Assignment: Please output exactly the part of the records below that opens with the line containing "by (simp add: abs_power" and closes with the line containing "(x\<^sup>2 * y\<^sup>2)", both lines included, and nothing else.

# # # # #

(* Assume (A1)–(A3) and $m_1<0$. Then for every $k\in\mathbb N$, the random variable $\sup_{0\le s\le T_1(k)}|Y_1(s)|$ is $\mathbb P_{(k,0)}$-integrable, where $T_1(k)=\inf\{n>0: X_1(n)=k\}$.
   Context: Let $\mathbb N=\{0,1,2,\dots\}$ and fix an integer $k_0\ge1$. Let $\mu$, $\mu'_j$ ($0\le j<k_0$), $\mu''_i$ ($0\le i<k_0$), $\mu_{ij}$ ($0\le i,j<k_0$) be probability measures on $\mathbb Z^2$. The random walk $Z=(X(n),Y(n))$ on $\mathbb N^2$ has transition probabilities $p((i,j)\to(i',j'))$ equal to $\mu(i'-i,j'-j)$ if $i,j\ge k_0$; $\mu'_j(i'-i,j'-j)$ if $i\ge k_0$, $0\le j<k_0$; $\mu''_i(i'-i,j'-j)$ if $0\le i<k_0$, $j\ge k_0$; $\mu_{ij}(i'-i,j'-j)$ if $0\le i,j<k_0$. Assumptions: (A1) $\mu(a,b)=0$ if $a<-k_0$ or $b<-k_0$; $\mu'_j(a,b)=0$ if $a<-k_0$ or $b<-j$; $\mu''_i(a,b)=0$ if $b<-k_0$ or $a<-i$; $\mu_{ij}(a,b)=0$ if $a<-i$ or $b<-j$. (A2) There are $\delta,\gamma,C>0$ with $\sup_{(i,j)\in\mathbb N^2}\mathbb E_{(i,j)}[\exp(\delta(X(1)-i)+\gamma(Y(1)-j))]\le C$. (A3) $Z_0,Z_1,Z_2,Z$ are irreducible on their state spaces. $Z_0$: random walk on $\mathbb Z^2$ with increment law $\mu$; $m_1=\sum a\mu(a,b)$. $Z_1=(X_1,Y_1)$: Markov chain on $\mathbb N\times\mathbb Z$ with transitions $\mu(i'-i,j'-j)$ from $(i,j)$ if $i\ge k_0$ and $\mu''_i(i'-i,j'-j)$ if $0\le i<k_0$; $\mathbb P_{(k,0)}$ is its law from $(k,0)$. $Z_2$: Markov chain on $\mathbb Z\times\mathbb N$ with transitions $\mu$ if $j\ge k_0$ and $\mu'_j$ if $0\le j<k_0$. *)

theory Defs
  imports "HOL-Probability.Probability"
begin

definition natsq :: "(int \<times> int) set" where
  "natsq = {z. fst z \<ge> 0 \<and> snd z \<ge> 0}"

definition nat_int :: "(int \<times> int) set" where
  "nat_int = {z. fst z \<ge> 0}"

definition int_nat :: "(int \<times> int) set" where
  "int_nat = {z. snd z \<ge> 0}"
lemma \<rho>_pos: "\<rho> > 0"
  unfolding \<rho>_def using r_pos abs_a_pos by simp

lemma \<rho>_less_r: "\<rho> < r"
proof -
  have "r * (r\<^sup>2 / absv a) < r * 1" using r_sq_less abs_a_pos r_pos by (intro mult_strict_left_mono) simp_all
  thus ?thesis unfolding \<rho>_def by (simp add: power3_eq_cube power2_eq_square)
qed

lemma abs_denominator: "absv x = r \<Longrightarrow> absv (x\<^sup>2 + a) = absv a"
  using abs_add_eq_of_less[of "x\<^sup>2" a] abs_power[of x 2] r_sq_less by simp

lemma denominator_nonzero: "absv x = r \<Longrightarrow> x\<^sup>2 + a \<noteq> 0"
  using abs_denominator abs_a_pos by fastforce

lemma f_eq_diff_h: "absv x = r \<Longrightarrow> f x = x - h x"
  using denominator_nonzero unfolding f_def h_def
  by (simp add: field_simps power2_eq_square power3_eq_cube)

lemma abs_h: "absv x = r \<Longrightarrow> absv (h x) = \<rho>"
  unfolding h_def \<rho>_def by (simp add: abs_divide abs_power abs_denominator)

lemma abs_f_diff: "absv x = r \<Longrightarrow> absv (f x - x) = \<rho>"
  using f_eq_diff_h abs_h by simp

lemma abs_f: "absv x = r \<Longrightarrow> absv (f x) = r"
  using abs_add_eq_of_less[of "- h x" x] abs_h \<rho>_less_r f_eq_diff_h by simp

lemma h_lipschitz:
  assumes x: "absv x = r" and y: "absv y = r"
  shows "absv (h x - h y) \<le> r\<^sup>2 / absv a * absv (x - y)"
proof -
  define N where "N = x\<^sup>2 * y\<^sup>2 + a * (x\<^sup>2 + x * y + y\<^sup>2)"
  have "h x - h y = (x - y) * N / ((x\<^sup>2 + a) * (y\<^sup>2 + a))"
    using denominator_nonzero[OF x] denominator_nonzero[OF y] unfolding h_def N_def
    by (simp add: field_simps power2_eq_square power3_eq_cube)
  hence eq: "absv (h x - h y) = absv (x - y) * absv N / (absv a * absv a)"
    by (simp add: abs_divide abs_mult abs_denominator x y)
  have "absv (x\<^sup>2 + x * y + y\<^sup>2) \<le> r\<^sup>2"
    using abs_add_le_max[of "x\<^sup>2 + x * y" "y\<^sup>2"] abs_add_le_max[of "x\<^sup>2" "x * y"] x y
    by (simp add: abs_power abs_mult power2_eq_square)
  hence "absv (a * (x\<^sup>2 + x * y + y\<^sup>2)) \<le> absv a * r\<^sup>2"
    using abs_a_pos by (simp add: abs_mult mult_left_mono)
  moreover have "absv (x\<^sup>2 * y\<^sup>2) \<le> absv a * r\<^sup>2"
    using x y r_sq_less r_pos by (simp add: abs_mult abs_power power2_eq_square mult_right_mono)
  ultimately have "absv N \<le> absv a * r\<^sup>2"
    unfolding N_def using abs_add_le_max[of "x\<^sup>2 * y\<^sup>2" "a * (x\<^sup>2 + x * y + y\<^sup>2)"] by simp
  hence "absv (x - y) * absv N / (absv a * absv a) \<le> absv (x - y) * (absv a * r\<^sup>2) / (absv a * absv a)"
    using abs_nonneg[of "x - y"] abs_a_pos by (intro divide_right_mono mult_left_mono) simp_all
  also have "\<dots> = r\<^sup>2 / absv a * absv (x - y)"
    using abs_a_pos by (simp add: field_simps power2_eq_square)
  finally show ?thesis unfolding eq .
qed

# # # # #

Output of the task:
    by (simp add: abs_power abs_mult power2_eq_square)
  hence "absv (a * (x\<^sup>2 + x * y + y\<^sup>2)) \<le> absv a * r\<^sup>2"
    using abs_a_pos by (simp add: abs_mult mult_left_mono)
  moreover have "absv (x\<^sup>2 * y\<^sup>2) \<le> absv a * r\<^sup>2"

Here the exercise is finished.